GetUp!
- Formation: 2005; 21 years ago
- Headquarters: Sydney, Australia
- Key people: Larissa Baldwin-Roberts (CEO)
- Website: www.getup.org.au

= GetUp! =

Australian political activist group

GetUp!, often referred to without punctuation as GetUp, is an independent progressive Australian political activist group. It was launched in August 2005 to encourage Internet activism in Australia, though it has increasingly engaged in offline community organising.

GetUp is an independent, issue-based organisation. It advocates for progressive public policy change in Australia in the areas of the environment, economy, human rights, and democracy. GetUp does not make financial donations to, or receive donations from, registered Australian political parties, and does not run or fund candidates at Australian elections.

==History==
GetUp was co-founded by Jeremy Heimans, David Madden, both graduates of Harvard Kennedy School at Harvard University, and Amanda Tattersall (who also founded the Sydney Alliance and is an associate professor at Sydney University). in August 2005.

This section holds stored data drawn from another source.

(* Let $(X,\mathcal{A},\mu)$ be a probability space and $\theta$ a measure-preserving endomorphism. Let $\varphi,\psi:X\to\mathbb{R}$ be bounded ceiling functions and let $A\subset X$ be a hole for which the escape rates $\rho(A,\varphi)$ and $\rho(A,\psi)$ exist. Then: (1) If $\varphi\le\psi$, then $\rho(A,\varphi)\ge\rho(A,\psi)$. (2) For all $\lambda>0$, $\rho(A,\lambda\varphi)=\lambda^{-1}\rho(A,\varphi)$. (3) If there is a bounded measurable $\chi:X\to\mathbb{R}$ with $\psi=\varphi+\chi\circ\theta-\chi$, then $\rho(A,\psi)=\rho(A,\varphi)$.
   Context: A ceiling function is a measurable $\varphi:X\to\mathbb{R}$ with $\inf\varphi>0$. $S_n\varphi=\sum_{k=0}^{n-1}\varphi\circ\theta^k$, $N_t^\varphi(x)=\min\{n\in\mathbb{N}_0:S_n\varphi(x)>t\}$. The special flow over $\theta$ under $\varphi$: $\overline{X}_\varphi=\{(x,s):0\le s<\varphi(x)\}$ with $\overline{\mu}_\varphi$ the restriction of $\mu\otimes$Lebesgue, $\Phi^\varphi_t(x,s)=(x,s+t)$ if $t<\varphi(x)-s$ and $\Phi^\varphi_t(x,s)=(\theta^{N-1}x,s+t-S_{N-1}\varphi(x))$, $N=N^\varphi_{s+t}(x)$, otherwise. A hole $A\subset X$ is a measurable set with $\bigcup_{n\ge0}\theta^{-n}(A)=X$ a.e. The escape rate $\rho(A,\varphi)$ is $\lim_{t\to\infty}-\frac1t\log\overline{\mu}_\varphi(\{(x,s)\in\overline{X}_\varphi:\forall\tau\in[0,t]:\Phi^\varphi_\tau(x,s)\notin A\times\mathbb{R}\})$ when the limit exists. *)

theory Defs
  imports "HOL-Probability.Probability"
begin

definition measure_preserving_endo :: "'a measure \<Rightarrow> ('a \<Rightarrow> 'a) \<Rightarrow> bool" where
  "measure_preserving_endo M \<theta> \<longleftrightarrow> \<theta> \<in> M \<rightarrow>\<^sub>M M \<and>
     (\<forall>B\<in>sets M. emeasure M (\<theta> -` B \<inter> space M) = emeasure M B)"

definition birkhoff_sum :: "('a \<Rightarrow> 'a) \<Rightarrow> ('a \<Rightarrow> real) \<Rightarrow> nat \<Rightarrow> 'a \<Rightarrow> real" where
  "birkhoff_sum \<theta> \<phi> n x = (\<Sum>k<n. \<phi> ((\<theta> ^^ k) x))"

definition lap_number :: "('a \<Rightarrow> 'a) \<Rightarrow> ('a \<Rightarrow> real) \<Rightarrow> real \<Rightarrow> 'a \<Rightarrow> nat" where
  "lap_number \<theta> \<phi> t x = (LEAST n. birkhoff_sum \<theta> \<phi> n x > t)"

definition ceiling_fun :: "'a measure \<Rightarrow> ('a \<Rightarrow> real) \<Rightarrow> bool" where
  "ceiling_fun M \<phi> \<longleftrightarrow> \<phi> \<in> borel_measurable M \<and> (\<exists>c>0. \<forall>x\<in>space M. c \<le> \<phi> x)"

definition bounded_fun :: "'a measure \<Rightarrow> ('a \<Rightarrow> real) \<Rightarrow> bool" where
  "bounded_fun M f \<longleftrightarrow> (\<exists>B. \<forall>x\<in>space M. \<bar>f x\<bar> \<le> B)"

definition special_flow_space :: "'a measure \<Rightarrow> ('a \<Rightarrow> real) \<Rightarrow> ('a \<times> real) set" where
  "special_flow_space M \<phi> = {(x, s). x \<in> space M \<and> 0 \<le> s \<and> s < \<phi> x}"

definition special_flow :: "('a \<Rightarrow> 'a) \<Rightarrow> ('a \<Rightarrow> real) \<Rightarrow> real \<Rightarrow> 'a \<times> real \<Rightarrow> 'a \<times> real" where
  "special_flow \<theta> \<phi> t p = (case p of (x, s) \<Rightarrow>
     if t < \<phi> x - s then (x, s + t)
     else (let N = lap_number \<theta> \<phi> (s + t) x in
           ((\<theta> ^^ (N - 1)) x, s + t - birkhoff_sum \<theta> \<phi> (N - 1) x)))"

definition hole :: "'a measure \<Rightarrow> ('a \<Rightarrow> 'a) \<Rightarrow> 'a set \<Rightarrow> bool" where
  "hole M \<theta> A \<longleftrightarrow> A \<in> sets M \<and> (AE x in M. \<exists>n. (\<theta> ^^ n) x \<in> A)"

definition survivor_set :: "'a measure \<Rightarrow> ('a \<Rightarrow> 'a) \<Rightarrow> ('a \<Rightarrow> real) \<Rightarrow> 'a set \<Rightarrow> real \<Rightarrow> ('a \<times> real) set" where
  "survivor_set M \<theta> \<phi> A t = {p \<in> special_flow_space M \<phi>. \<forall>\<tau>\<in>{0..t}. fst (special_flow \<theta> \<phi> \<tau> p) \<notin> A}"

definition survival :: "'a measure \<Rightarrow> ('a \<Rightarrow> 'a) \<Rightarrow> ('a \<Rightarrow> real) \<Rightarrow> 'a set \<Rightarrow> real \<Rightarrow> real" where
  "survival M \<theta> \<phi> A t = measure (M \<Otimes>\<^sub>M lborel) (survivor_set M \<theta> \<phi> A t)"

The launch was accompanied by a television advertising campaign. Its initial campaign aimed to help voters to "keep the Howard government accountable" after it won a majority of seats in the Australian Senate on 9 August 2005, following the 2004 Australian federal election. GetUp encouraged visitors to send an email to Coalition senators that read "I'm sending you this message because I want you to know that I'm watching. Now that you have absolute power in the Senate, it is only people like me who can hold you accountable. And we will."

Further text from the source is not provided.